◆ What you need to do
Only the last stretch of the records is wanted: restate word for word the line with "by (intro sum.cong)" and every line after it.

◆ Information

(* Let $q$ be a prime power and $b,k,t$ positive integers with $t\ge\lceil\frac{9+b}{2}\rceil$ and $b\le k\le(2t-b+1)^2$. Then \[ r_b^{wt_b}(k,t)\le\frac{q(2t-b)}{q\left(1-\sqrt{\frac{\ln(2t-b+1)}{2t-b+1}}\right)-1}. \]
   Context: For $\boldsymbol{z}=(z_0,\ldots,z_{n-1}),\boldsymbol{w}\in\mathbb{F}_q^n$, $d_b(\boldsymbol{z},\boldsymbol{w})$ is the number of $i\in\{0,\ldots,n-1\}$ with $(z_i,\ldots,z_{i+b-1})\ne(w_i,\ldots,w_{i+b-1})$ (indices mod $n$), and $wt_b(\boldsymbol{x})=d_b(\boldsymbol{x},\boldsymbol{0})$ is the $b$-symbol weight function on $\mathbb{F}_q^k$. A systematic encoding $\mathrm{Enc}(\boldsymbol{x})=(\boldsymbol{x},p(\boldsymbol{x}))\in\mathbb{F}_q^{k+r}$ is a function-correcting $b$-symbol code for $f$ if $d_b(\mathrm{Enc}(\boldsymbol{x}_1),\mathrm{Enc}(\boldsymbol{x}_2))\ge 2t+1$ whenever $f(\boldsymbol{x}_1)\ne f(\boldsymbol{x}_2)$; $r_b^f(k,t)$ is the smallest $r$ for which one exists. *)

theory Defs
  imports Complex_Main
begin

text \<open>Vectors in F_q^n are lists of length n; indices are taken cyclically mod n.\<close>

definition bsym_dist :: "nat \<Rightarrow> 'a list \<Rightarrow> 'a list \<Rightarrow> nat" where
  "bsym_dist b z w = (let n = length z in
     card {i. i < n \<and> (\<exists>j<b. z ! ((i + j) mod n) \<noteq> w ! ((i + j) mod n))})"

definition bsym_wt :: "nat \<Rightarrow> 'a::zero list \<Rightarrow> nat" where
  "bsym_wt b x = bsym_dist b x (replicate (length x) 0)"

text \<open>Systematic encoding x \<mapsto> (x, p x) with p : F_q^k \<rightarrow> F_q^r is a
  function-correcting b-symbol code for f with parameter t.\<close>

definition is_fc_bsym_code ::
  "nat \<Rightarrow> nat \<Rightarrow> nat \<Rightarrow> nat \<Rightarrow> ('a list \<Rightarrow> 'c) \<Rightarrow> ('a list \<Rightarrow> 'a list) \<Rightarrow> bool" where
  "is_fc_bsym_code b k t r f p \<longleftrightarrow>
     (\<forall>x. length x = k \<longrightarrow> length (p x) = r) \<and>
     (\<forall>x1 x2. length x1 = k \<longrightarrow> length x2 = k \<longrightarrow> f x1 \<noteq> f x2 \<longrightarrow>
        bsym_dist b (x1 @ p x1) (x2 @ p x2) \<ge> 2 * t + 1)"

definition fc_bsym_redundancy ::
  "'a itself \<Rightarrow> nat \<Rightarrow> ('a list \<Rightarrow> 'c) \<Rightarrow> nat \<Rightarrow> nat \<Rightarrow> nat" where
  "fc_bsym_redundancy _ b f k t = (LEAST r. \<exists>p :: 'a list \<Rightarrow> 'a list. is_fc_bsym_code b k t r f p)"

end

(* Since wt_b takes only the values 0..k, it suffices to encode x by the parity C (wt_b x),
   where C is a code of k + 1 words of length r with pairwise Hamming distance at least
   N = 2t - b + 1: two messages of different weight then differ in the message part and
   in the parity part, which forces N + b windows of length b to differ.
   Such a code exists by the greedy Gilbert-Varshamov argument as soon as k times the
   volume of a Hamming ball of radius N - 1 is below q^r.  Hoeffding's lemma bounds that
   volume by q^r exp (-2 delta^2 / r) with delta = r (1 - 1/q) - (N - 1), and for r the
   floor of the stated bound one gets delta^2 > r ln N, while k <= N^2. *)

theory Submission
  imports Defs "HOL-Probability.Hoeffding"
begin

definition hamming_dist :: "'a list \<Rightarrow> 'a list \<Rightarrow> nat" where
  "hamming_dist c y = length (filter (\<lambda>(a, b). a \<noteq> b) (zip c y))"

lemma hamming_dist_Nil [simp]: "hamming_dist [] y = 0"
  by (simp add: hamming_dist_def)

lemma hamming_dist_Cons [simp]:
  "hamming_dist (a # c) (b # y) = (if a = b then 0 else 1) + hamming_dist c y"
  by (simp add: hamming_dist_def)

lemma hamming_dist_self [simp]: "hamming_dist c c = 0"
  by (induction c) simp_all

lemma hamming_dist_commute: "hamming_dist c y = hamming_dist y c"
proof (induction c arbitrary: y)
  case (Cons a c)
  then show ?case by (cases y) (simp_all add: hamming_dist_def)
qed (simp add: hamming_dist_def)

lemma hamming_dist_conv_card:
  "length c = length y \<Longrightarrow> hamming_dist c y = card {i. i < length c \<and> c ! i \<noteq> y ! i}"
  by (auto simp: hamming_dist_def length_filter_conv_card intro!: arg_cong[where f = card])

lemma finite_lists_length_eq_UNIV [simp]: "finite {y :: 'a::finite list. length y = n}"
  using finite_lists_length_eq[of "UNIV :: 'a set" n] by simp

lemma card_lists_length_eq_UNIV: "card {y :: 'a::finite list. length y = n} = CARD('a) ^ n"
  using card_lists_length_eq[of "UNIV :: 'a set" n] by simp

lemma sum_UNIV_if_eq:
  fixes x :: "'b::comm_semiring_1"
  shows "(\<Sum>z\<in>(UNIV :: 'a::finite set). if a = z then 1 else x) = 1 + of_nat (CARD('a) - 1) * x"
proof -
  have "(\<Sum>z\<in>UNIV. if a = z then 1 else x) = 1 + (\<Sum>z\<in>UNIV - {a}. x)"
    by (subst sum.remove[of _ a]) (auto intro!: sum.cong)
  then show ?thesis by (simp add: card_Diff_singleton)
qed

lemma sum_power_hamming_dist:
  fixes x :: "'b::comm_semiring_1" and c :: "'a::finite list"
  shows "(\<Sum>y | length y = length c. x ^ hamming_dist c y) = (1 + of_nat (CARD('a) - 1) * x) ^ length c"
proof (induction c)
  case Nil
  have "{y :: 'a list. length y = 0} = {[]}" by auto
  then show ?case by simp
next
  case (Cons a c)
  have words: "{y :: 'a list. length y = Suc (length c)} = (\<lambda>(y, z). z # y) ` ({y. length y = length c} \<times> UNIV)"
    using lists_length_Suc_eq[of UNIV "length c"] by simp
  have "(\<Sum>y | length y = length (a # c). x ^ hamming_dist (a # c) y)
      = (\<Sum>(y, z) \<in> {y. length y = length c} \<times> UNIV. x ^ hamming_dist (a # c) (z # y))"
    unfolding length_Cons words by (subst sum.reindex) (auto simp: inj_on_def case_prod_unfold)
  also have "\<dots> = (\<Sum>(y, z) \<in> {y. length y = length c} \<times> UNIV. x ^ hamming_dist c y * (if a = z then 1 else x))"
    by (intro sum.cong) (auto simp: power_add mult.commute)
  also have "\<dots> = (\<Sum>y | length y = length c. x ^ hamming_dist c y) * (\<Sum>z\<in>UNIV. if a = z then 1 else x)"
    by (simp add: sum_product sum.cartesian_product)
  finally show ?case by (simp add: Cons sum_UNIV_if_eq mult.commute)
qed

lemma card_hamming_ball_le_exp:
  fixes c :: "'a::finite list" and h :: real
  assumes "0 \<le> h"
  shows "real (card {y. length y = length c \<and> hamming_dist c y < N})
    \<le> exp (h * (real N - 1)) * (1 + real (CARD('a) - 1) * exp (- h)) ^ length c"
proof -
  let ?ball = "{y. length y = length c \<and> hamming_dist c y < N}"
  let ?words = "{y :: 'a list. length y = length c}"
  have "real (card ?ball) = (\<Sum>y\<in>?ball. 1)" by simp
  also have "\<dots> \<le> (\<Sum>y\<in>?ball. exp (h * (real N - 1)) * exp (- h) ^ hamming_dist c y)"
  proof (intro sum_mono)
    fix y assume "y \<in> ?ball"
    then have "0 \<le> h * (real N - 1 - real (hamming_dist c y))"
      using assms by (intro mult_nonneg_nonneg) auto
    then have "1 \<le> exp (h * (real N - 1) + real (hamming_dist c y) * (- h))"
      by (simp add: algebra_simps)
    then show "1 \<le> exp (h * (real N - 1)) * exp (- h) ^ hamming_dist c y"
      by (simp add: exp_of_nat_mult[symmetric] mult_exp_exp)
  qed
  also have "\<dots> \<le> (\<Sum>y\<in>?words. exp (h * (real N - 1)) * exp (- h) ^ hamming_dist c y)"
    by (intro sum_mono2) auto
  also have "\<dots> = exp (h * (real N - 1)) * (1 + real (CARD('a) - 1) * exp (- h)) ^ length c"
    by (simp add: sum_distrib_left[symmetric] sum_power_hamming_dist)
  finally show ?thesis .
qed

◆ Your response
    by (intro sum.cong) (auto simp: power_add mult.commute)
  also have "\<dots> = (\<Sum>y | length y = length c. x ^ hamming_dist c y) * (\<Sum>z\<in>UNIV. if a = z then 1 else x)"
    by (simp add: sum_product sum.cartesian_product)
  finally show ?case by (simp add: Cons sum_UNIV_if_eq mult.commute)
qed

lemma card_hamming_ball_le_exp:
  fixes c :: "'a::finite list" and h :: real
  assumes "0 \<le> h"
  shows "real (card {y. length y = length c \<and> hamming_dist c y < N})
    \<le> exp (h * (real N - 1)) * (1 + real (CARD('a) - 1) * exp (- h)) ^ length c"
proof -
  let ?ball = "{y. length y = length c \<and> hamming_dist c y < N}"
  let ?words = "{y :: 'a list. length y = length c}"
  have "real (card ?ball) = (\<Sum>y\<in>?ball. 1)" by simp
  also have "\<dots> \<le> (\<Sum>y\<in>?ball. exp (h * (real N - 1)) * exp (- h) ^ hamming_dist c y)"
  proof (intro sum_mono)
    fix y assume "y \<in> ?ball"
    then have "0 \<le> h * (real N - 1 - real (hamming_dist c y))"
      using assms by (intro mult_nonneg_nonneg) auto
    then have "1 \<le> exp (h * (real N - 1) + real (hamming_dist c y) * (- h))"
      by (simp add: algebra_simps)
    then show "1 \<le> exp (h * (real N - 1)) * exp (- h) ^ hamming_dist c y"
      by (simp add: exp_of_nat_mult[symmetric] mult_exp_exp)
  qed
  also have "\<dots> \<le> (\<Sum>y\<in>?words. exp (h * (real N - 1)) * exp (- h) ^ hamming_dist c y)"
    by (intro sum_mono2) auto
  also have "\<dots> = exp (h * (real N - 1)) * (1 + real (CARD('a) - 1) * exp (- h)) ^ length c"
    by (simp add: sum_distrib_left[symmetric] sum_power_hamming_dist)
  finally show ?thesis .
qed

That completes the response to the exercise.